Show all lines of the listing that contain the word "btgt".

Segment Start: INFORMATION PROVIDED

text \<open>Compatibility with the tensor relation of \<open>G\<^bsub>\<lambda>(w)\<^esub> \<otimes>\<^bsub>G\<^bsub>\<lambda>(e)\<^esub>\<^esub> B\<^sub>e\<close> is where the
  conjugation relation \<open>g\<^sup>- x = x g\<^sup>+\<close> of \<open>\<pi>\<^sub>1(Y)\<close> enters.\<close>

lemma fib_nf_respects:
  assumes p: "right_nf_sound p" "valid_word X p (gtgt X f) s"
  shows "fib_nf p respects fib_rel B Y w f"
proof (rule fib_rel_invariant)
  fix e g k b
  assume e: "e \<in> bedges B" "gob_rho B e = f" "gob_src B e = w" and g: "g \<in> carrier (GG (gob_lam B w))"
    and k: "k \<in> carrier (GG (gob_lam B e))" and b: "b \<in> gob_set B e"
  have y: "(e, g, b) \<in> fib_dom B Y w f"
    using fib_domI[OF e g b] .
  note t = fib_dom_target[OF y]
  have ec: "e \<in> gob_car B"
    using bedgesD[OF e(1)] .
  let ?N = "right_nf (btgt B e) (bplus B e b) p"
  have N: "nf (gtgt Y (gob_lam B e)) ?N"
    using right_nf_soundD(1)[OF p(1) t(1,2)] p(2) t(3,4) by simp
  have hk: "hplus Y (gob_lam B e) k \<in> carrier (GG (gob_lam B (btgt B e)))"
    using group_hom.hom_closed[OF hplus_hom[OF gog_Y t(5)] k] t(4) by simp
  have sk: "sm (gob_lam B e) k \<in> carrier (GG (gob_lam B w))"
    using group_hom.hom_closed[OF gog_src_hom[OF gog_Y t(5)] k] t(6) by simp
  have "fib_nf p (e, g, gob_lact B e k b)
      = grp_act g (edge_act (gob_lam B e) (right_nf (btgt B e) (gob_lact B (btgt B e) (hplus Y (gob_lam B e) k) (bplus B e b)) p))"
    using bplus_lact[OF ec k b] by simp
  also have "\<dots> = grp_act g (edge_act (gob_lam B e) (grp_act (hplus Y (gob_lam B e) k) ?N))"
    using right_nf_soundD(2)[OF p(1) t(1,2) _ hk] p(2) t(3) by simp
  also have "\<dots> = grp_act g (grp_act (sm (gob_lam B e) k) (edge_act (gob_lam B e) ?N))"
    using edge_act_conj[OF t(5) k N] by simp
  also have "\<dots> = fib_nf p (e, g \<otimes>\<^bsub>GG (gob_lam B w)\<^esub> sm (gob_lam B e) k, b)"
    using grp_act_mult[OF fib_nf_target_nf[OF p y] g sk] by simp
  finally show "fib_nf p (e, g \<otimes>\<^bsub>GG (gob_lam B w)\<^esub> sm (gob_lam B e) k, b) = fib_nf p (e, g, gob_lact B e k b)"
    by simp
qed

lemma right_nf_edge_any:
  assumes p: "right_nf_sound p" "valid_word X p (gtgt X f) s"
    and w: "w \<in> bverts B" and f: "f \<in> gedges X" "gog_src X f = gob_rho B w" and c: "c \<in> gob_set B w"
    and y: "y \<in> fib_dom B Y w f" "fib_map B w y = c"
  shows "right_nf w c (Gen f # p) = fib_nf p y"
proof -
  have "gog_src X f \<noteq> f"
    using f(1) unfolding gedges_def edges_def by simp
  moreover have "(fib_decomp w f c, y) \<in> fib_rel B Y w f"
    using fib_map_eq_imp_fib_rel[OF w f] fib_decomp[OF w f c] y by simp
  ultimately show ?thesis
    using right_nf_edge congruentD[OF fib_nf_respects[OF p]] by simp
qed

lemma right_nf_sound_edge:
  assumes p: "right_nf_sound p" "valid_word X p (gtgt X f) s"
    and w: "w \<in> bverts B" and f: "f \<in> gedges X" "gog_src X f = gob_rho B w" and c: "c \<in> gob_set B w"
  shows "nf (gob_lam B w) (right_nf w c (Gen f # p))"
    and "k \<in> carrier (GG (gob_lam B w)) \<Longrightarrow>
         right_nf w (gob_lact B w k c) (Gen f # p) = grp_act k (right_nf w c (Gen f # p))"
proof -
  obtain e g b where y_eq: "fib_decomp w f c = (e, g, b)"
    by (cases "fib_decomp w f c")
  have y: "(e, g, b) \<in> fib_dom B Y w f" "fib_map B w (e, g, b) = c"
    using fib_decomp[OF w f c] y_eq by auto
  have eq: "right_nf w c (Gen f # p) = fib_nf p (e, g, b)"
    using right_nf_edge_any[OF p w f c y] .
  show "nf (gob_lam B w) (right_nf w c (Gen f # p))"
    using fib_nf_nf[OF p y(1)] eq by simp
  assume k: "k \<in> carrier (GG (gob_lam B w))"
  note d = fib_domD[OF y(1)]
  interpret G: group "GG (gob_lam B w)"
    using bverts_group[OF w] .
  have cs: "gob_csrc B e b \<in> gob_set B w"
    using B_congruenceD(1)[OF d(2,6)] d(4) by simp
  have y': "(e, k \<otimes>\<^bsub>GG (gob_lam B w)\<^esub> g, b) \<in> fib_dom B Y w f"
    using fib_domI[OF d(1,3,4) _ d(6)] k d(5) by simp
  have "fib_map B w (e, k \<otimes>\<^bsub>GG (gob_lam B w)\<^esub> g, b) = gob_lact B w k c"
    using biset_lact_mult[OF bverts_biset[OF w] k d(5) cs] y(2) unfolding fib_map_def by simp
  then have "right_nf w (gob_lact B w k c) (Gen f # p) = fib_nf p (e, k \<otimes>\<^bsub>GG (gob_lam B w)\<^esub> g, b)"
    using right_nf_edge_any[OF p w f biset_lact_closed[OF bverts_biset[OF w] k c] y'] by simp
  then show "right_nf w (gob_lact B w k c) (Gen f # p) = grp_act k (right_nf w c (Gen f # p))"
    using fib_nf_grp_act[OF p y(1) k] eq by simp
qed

Segment End: INFORMATION PROVIDED

**SOLUTION:**
  let ?N = "right_nf (btgt B e) (bplus B e b) p"
  have hk: "hplus Y (gob_lam B e) k \<in> carrier (GG (gob_lam B (btgt B e)))"
      = grp_act g (edge_act (gob_lam B e) (right_nf (btgt B e) (gob_lact B (btgt B e) (hplus Y (gob_lam B e) k) (bplus B e b)) p))"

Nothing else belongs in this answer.